Kliot et al. [3] thought that the most critical performance issue for modern on-the-fly collectors is the stack scanning phase. Most of the garbage collectors will interrupt the mutator threads when performing the scanning of the runtime stack in order to obtain an accurate heap snapshot which will be used in the subsequent marking phase. Traditional blocking stack scanning strategy may lead to a long and unpredictable pause time.

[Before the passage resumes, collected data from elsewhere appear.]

(* Let $H$ be a fixed infinite-dimensional separable Hilbert space and let $J$ be a homogeneous two-sided ideal in $\mathbb{C}\langle x_1,\dots,x_d\rangle$, $d<\infty$. Then $I(Z(J))=J$. In particular $Z(J)=\{(0,\dots,0)\}$ if and only if $J$ is the ideal generated by $x_1,\dots,x_d$.
   Context: $\mathbb{C}\langle x_1,\dots,x_d\rangle$ is the algebra of polynomials in noncommuting variables; a homogeneous ideal is a two-sided ideal generated by homogeneous polynomials. For $p=\sum_\alpha c_\alpha x^\alpha$ and $\underline T=(T_1,\dots,T_d)\in B(H)^d$, $p(\underline T)=\sum_\alpha c_\alpha T^\alpha$ with $T^{\alpha_1\cdots\alpha_k}=T_{\alpha_1}\cdots T_{\alpha_k}$ and $T^{\emptyset}=I_H$. $Z(J)=\{\underline T\in B(H)^d: p(\underline T)=0\ \forall p\in J\}$ and, for $Z\subseteq B(H)^d$, $I(Z)=\{p: p(\underline T)=0\ \forall\underline T\in Z\}$. *)

theory Defs
  imports Complex_Main
begin

text \<open>A noncommutative polynomial is a finitely supported coefficient function on words;
  the word [a1,...,ak] (letters indexed from 0) stands for the monomial x_{a1+1}...x_{ak+1}.\<close>

definition nc_poly :: "nat \<Rightarrow> (nat list \<Rightarrow> complex) set" where
  "nc_poly d = {p. finite {w. p w \<noteq> 0} \<and> (\<forall>w. p w \<noteq> 0 \<longrightarrow> set w \<subseteq> {..<d})}"

definition nc_mult :: "(nat list \<Rightarrow> complex) \<Rightarrow> (nat list \<Rightarrow> complex) \<Rightarrow> (nat list \<Rightarrow> complex)" where
  "nc_mult p q = (\<lambda>w. \<Sum>i\<le>length w. p (take i w) * q (drop i w))"

definition nc_var :: "nat \<Rightarrow> (nat list \<Rightarrow> complex)" where
  "nc_var i = (\<lambda>w. if w = [i] then 1 else 0)"

definition nc_homogeneous :: "(nat list \<Rightarrow> complex) \<Rightarrow> bool" where
  "nc_homogeneous p \<longleftrightarrow> (\<exists>k. \<forall>w. p w \<noteq> 0 \<longrightarrow> length w = k)"

definition nc_ideal :: "nat \<Rightarrow> (nat list \<Rightarrow> complex) set \<Rightarrow> bool" where
  "nc_ideal d J \<longleftrightarrow> J \<subseteq> nc_poly d \<and> (\<lambda>w. 0) \<in> J \<and> (\<forall>p\<in>J. \<forall>q\<in>J. (\<lambda>w. p w + q w) \<in> J)
     \<and> (\<forall>p\<in>J. \<forall>a\<in>nc_poly d. \<forall>b\<in>nc_poly d. nc_mult a (nc_mult p b) \<in> J)"

definition nc_gen_ideal :: "nat \<Rightarrow> (nat list \<Rightarrow> complex) set \<Rightarrow> (nat list \<Rightarrow> complex) set" where
  "nc_gen_ideal d S = \<Inter>{J. nc_ideal d J \<and> S \<subseteq> J}"

definition nc_hom_ideal :: "nat \<Rightarrow> (nat list \<Rightarrow> complex) set \<Rightarrow> bool" where
  "nc_hom_ideal d J \<longleftrightarrow> nc_ideal d J \<and>
     (\<exists>S \<subseteq> nc_poly d. (\<forall>s\<in>S. nc_homogeneous s) \<and> J = nc_gen_ideal d S)"

definition l2 :: "(nat \<Rightarrow> complex) set" where
  "l2 = {x. summable (\<lambda>n. (cmod (x n))\<^sup>2)}"

definition l2norm :: "(nat \<Rightarrow> complex) \<Rightarrow> real" where
  "l2norm x = sqrt (\<Sum>n. (cmod (x n))\<^sup>2)"

text \<open>Bounded operators on l^2, normalised to be 0 outside l^2 so that equality is genuine.\<close>
definition bop :: "((nat \<Rightarrow> complex) \<Rightarrow> (nat \<Rightarrow> complex)) set" where
  "bop = {T. (\<forall>x\<in>l2. T x \<in> l2)
            \<and> (\<forall>x\<in>l2. \<forall>y\<in>l2. T (\<lambda>n. x n + y n) = (\<lambda>n. T x n + T y n))
            \<and> (\<forall>x\<in>l2. \<forall>c. T (\<lambda>n. c * x n) = (\<lambda>n. c * T x n))
            \<and> (\<exists>C. \<forall>x\<in>l2. l2norm (T x) \<le> C * l2norm x)
            \<and> (\<forall>x. x \<notin> l2 \<longrightarrow> T x = (\<lambda>n. 0))}"

definition idH :: "(nat \<Rightarrow> complex) \<Rightarrow> (nat \<Rightarrow> complex)" where
  "idH = (\<lambda>x. if x \<in> l2 then x else (\<lambda>n. 0))"

definition zeroH :: "(nat \<Rightarrow> complex) \<Rightarrow> (nat \<Rightarrow> complex)" where
  "zeroH = (\<lambda>x n. 0)"

fun opword :: "((nat \<Rightarrow> complex) \<Rightarrow> (nat \<Rightarrow> complex)) list \<Rightarrow> nat list
                 \<Rightarrow> (nat \<Rightarrow> complex) \<Rightarrow> (nat \<Rightarrow> complex)" where
  "opword T [] = idH"
| "opword T (a # w) = (T ! a) \<circ> opword T w"

definition nc_eval :: "(nat list \<Rightarrow> complex) \<Rightarrow> ((nat \<Rightarrow> complex) \<Rightarrow> (nat \<Rightarrow> complex)) list
                          \<Rightarrow> (nat \<Rightarrow> complex) \<Rightarrow> (nat \<Rightarrow> complex)" where
  "nc_eval p T = (\<lambda>x n. \<Sum>w\<in>{w. p w \<noteq> 0}. p w * opword T w x n)"

definition Zset :: "nat \<Rightarrow> (nat list \<Rightarrow> complex) set
                      \<Rightarrow> ((nat \<Rightarrow> complex) \<Rightarrow> (nat \<Rightarrow> complex)) list set" where
  "Zset d J = {T. length T = d \<and> set T \<subseteq> bop \<and> (\<forall>p\<in>J. nc_eval p T = zeroH)}"

definition Iset :: "nat \<Rightarrow> ((nat \<Rightarrow> complex) \<Rightarrow> (nat \<Rightarrow> complex)) list set
                      \<Rightarrow> (nat list \<Rightarrow> complex) set" where
  "Iset d Z = {p \<in> nc_poly d. \<forall>T\<in>Z. nc_eval p T = zeroH}"

end

theory Submission
  imports Defs "HOL-Library.Function_Algebras" "HOL-Library.Countable"
begin

text \<open>
  The inclusion J \<subseteq> I(Z(J)) is trivial.  For the converse let p \<notin> J have degree \<le> k.
  Polynomials are paired with functionals g on words by <q, g> = \<Sum>u q(u) g(u).
  Because J is homogeneous it is graded, so the part of J of degree \<le> k lies in J and misses p;
  linear algebra then gives a functional f0, supported on words of length \<le> k, which
  annihilates J and has <p, f0> = 1.  The space V of all such annihilating functionals is
  invariant under the right shifts g \<mapsto> (w \<mapsto> g (w @ u)).  Coding the finitely many short
  words by natural numbers, V becomes a finite-dimensional subspace of l^2, and the tuple
  T_a = "project onto V, then shift by the letter a" consists of finite-rank operators.
  For q \<in> J and g \<in> V the coordinate w of q(T) g is <x^w q, g> = 0, so T \<in> Z(J),
  whereas the coordinate [] of p(T) f0 is <p, f0> = 1, so p \<notin> I(Z(J)).
\<close>

definition nc_const :: "complex \<Rightarrow> nat list \<Rightarrow> complex" where
  "nc_const c = (\<lambda>w. if w = [] then c else 0)"

definition nc_monom :: "nat list \<Rightarrow> nat list \<Rightarrow> complex" where
  "nc_monom u = (\<lambda>w. if w = u then 1 else 0)"

definition hcomp :: "nat \<Rightarrow> (nat list \<Rightarrow> complex) \<Rightarrow> nat list \<Rightarrow> complex" where
  "hcomp k p = (\<lambda>w. if length w = k then p w else 0)"

lemma nc_mult_const_left: "nc_mult (nc_const c) r = (\<lambda>w. c * r w)"
proof
  fix w show "nc_mult (nc_const c) r w = c * r w"
  proof (cases w)
    case Nil then show ?thesis by (simp add: nc_mult_def nc_const_def)
  next
    case (Cons a v)
    then show ?thesis
      unfolding nc_mult_def nc_const_def by (simp add: sum.atMost_Suc_shift del: sum.atMost_Suc)
  qed
qed

lemma nc_mult_const_right: "nc_mult r (nc_const c) = (\<lambda>w. r w * c)"
proof
  fix w
  have "nc_mult r (nc_const c) w = (\<Sum>i<length w. r (take i w) * nc_const c (drop i w)) + r w * c"
    unfolding nc_mult_def lessThan_Suc_atMost[symmetric] by (simp add: nc_const_def)
  also have "(\<Sum>i<length w. r (take i w) * nc_const c (drop i w)) = 0"
    by (intro sum.neutral) (auto simp: nc_const_def)
  finally show "nc_mult r (nc_const c) w = r w * c" by simp
qed

lemma nc_mult_monom_left:
  "nc_mult (nc_monom u) r w =
     (if length u \<le> length w \<and> take (length u) w = u then r (drop (length u) w) else 0)"
proof -
  have "nc_mult (nc_monom u) r w = (\<Sum>i\<le>length w.
      if i = length u \<and> take (length u) w = u then r (drop (length u) w) else 0)"
    unfolding nc_mult_def nc_monom_def by (intro sum.cong) auto
  then show ?thesis by (cases "take (length u) w = u") (auto simp: sum.delta)
qed

lemma nc_mult_monom_right:
  "nc_mult r (nc_monom u) w =
     (if length u \<le> length w \<and> drop (length w - length u) w = u
      then r (take (length w - length u) w) else 0)"
proof -
  have "nc_mult r (nc_monom u) w = (\<Sum>i\<le>length w. if i = length w - length u \<and> length u \<le> length w
      \<and> drop (length w - length u) w = u then r (take (length w - length u) w) else 0)"
    unfolding nc_mult_def nc_monom_def by (intro sum.cong) auto
  then show ?thesis
    by (cases "length u \<le> length w \<and> drop (length w - length u) w = u") (auto simp: sum.delta)
qed

lemma nc_mult_nil: "nc_mult a b [] = a [] * b []"
  unfolding nc_mult_def by simp

lemma nc_mult_nonzero:
  assumes "nc_mult a b w \<noteq> 0"
  shows "\<exists>i\<le>length w. a (take i w) \<noteq> 0 \<and> b (drop i w) \<noteq> 0"
proof -
  from assms obtain i where "i \<in> {..length w}" "a (take i w) * b (drop i w) \<noteq> 0"
    unfolding nc_mult_def using sum.not_neutral_contains_not_neutral by blast
  then show ?thesis by auto
qed

lemma nc_mult_sum_right: "nc_mult a (\<lambda>w. \<Sum>j\<in>A. f j w) = (\<lambda>w. \<Sum>j\<in>A. nc_mult a (f j) w)"
  unfolding nc_mult_def by (simp add: sum_distrib_left sum.swap[of _ A])

lemma hcomp_mult: "hcomp k (nc_mult a r) = (\<lambda>w. \<Sum>i\<le>k. nc_mult (hcomp i a) (hcomp (k-i) r) w)"
proof
  fix w :: "nat list"
  let ?n = "length w"
  let ?t = "\<lambda>m. a (take m w) * r (drop m w)"
  have "(\<Sum>i\<le>k. nc_mult (hcomp i a) (hcomp (k-i) r) w) =
        (\<Sum>i\<le>k. \<Sum>m\<le>?n. if i = m then (if ?n - m = k - i then ?t m else 0) else 0)"
    unfolding nc_mult_def hcomp_def by (intro sum.cong refl) (auto simp: min_def)
  also have "\<dots> = (\<Sum>m\<le>?n. \<Sum>i\<le>k. if i = m then (if ?n - m = k - i then ?t m else 0) else 0)"
    by (rule sum.swap)
  also have "\<dots> = (\<Sum>m\<le>?n. if m \<le> k then (if ?n - m = k - m then ?t m else 0) else 0)"
    by (intro sum.cong refl) (simp add: sum.delta')
  also have "\<dots> = hcomp k (nc_mult a r) w"
  proof (cases "?n = k")
    case True
    then show ?thesis unfolding hcomp_def nc_mult_def by (auto intro!: sum.cong)
  next
    case False
    have "(if m \<le> k then (if ?n - m = k - m then ?t m else 0) else 0) = 0" if "m \<in> {..?n}" for m
      using False that by auto
    then show ?thesis using False unfolding hcomp_def by (simp add: sum.neutral)
  qed
  finally show "hcomp k (nc_mult a r) w = (\<Sum>i\<le>k. nc_mult (hcomp i a) (hcomp (k-i) r) w)" ..
qed

lemma hcomp_mult3:
  "hcomp k (nc_mult a (nc_mult p b)) = (\<lambda>w. \<Sum>i\<le>k. \<Sum>j\<le>k-i.
     nc_mult (hcomp i a) (nc_mult (hcomp j p) (hcomp (k-i-j) b)) w)"
  by (simp add: hcomp_mult[of _ a] hcomp_mult[of _ p b] nc_mult_sum_right diff_diff_add)

lemma hcomp_homogeneous:
  assumes "nc_homogeneous s"
  shows "hcomp k s = s \<or> hcomp k s = (\<lambda>w. 0)"
proof -
  from assms obtain m where m: "\<And>w. s w \<noteq> 0 \<Longrightarrow> length w = m"
    unfolding nc_homogeneous_def by blast
  show ?thesis
    using m unfolding hcomp_def by (cases "k = m") (auto simp: fun_eq_iff)
qed

lemma nc_polyI:
  "finite {w. q w \<noteq> 0} \<Longrightarrow> (\<And>w. q w \<noteq> 0 \<Longrightarrow> set w \<subseteq> {..<d}) \<Longrightarrow> q \<in> nc_poly d"
  unfolding nc_poly_def by blast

Another noteworthy performance issue is heap fragmentation. As we know, most of modern on-the-fly garbage collectors adopt the strategy that does not move the objects in order to obtain a less pause time during the collection process. One of the major drawbacks of that strategy is that the heap becomes fragmented and the allocation becomes more costly for long time running programs. To solve fragmentation problem, an extra heap compaction function is added into the garbage collection. Apparently, this compaction function should be carefully designed to avoid creating more overhead.

In this paper we mainly study two issues of designing concurrent garbage collectors, stack scanning and heap compaction. In the multicore computing environments, lock-based synchronization mechanism does not scale well with concurrent execution threads. To solve this problem, lock-free algorithms are designed for highly concurrent systems. Compare and swap (CAS) primitive can be used to execute atomic read-modify-write operations on shared data in lock-free algorithms. Multiword compare and swap (MCAS) is an extension form of CAS which supports CAS operations on a number of memory locations simultaneously. We first use CAS to design a concurrent stack scanning mechanism. Then for heap compaction, we use MCAS synchronization mechanism to design a lock-free and concurrent object copying process.

The rest of this paper is organized as follows. In Section 2 we describe a methodology of concurrent stack scanning. In Section 3 we present a design of concurrent heap compaction. Measurements are reported in Section 4 and related work is discussed in Section 5, and finally we conclude in Section 6.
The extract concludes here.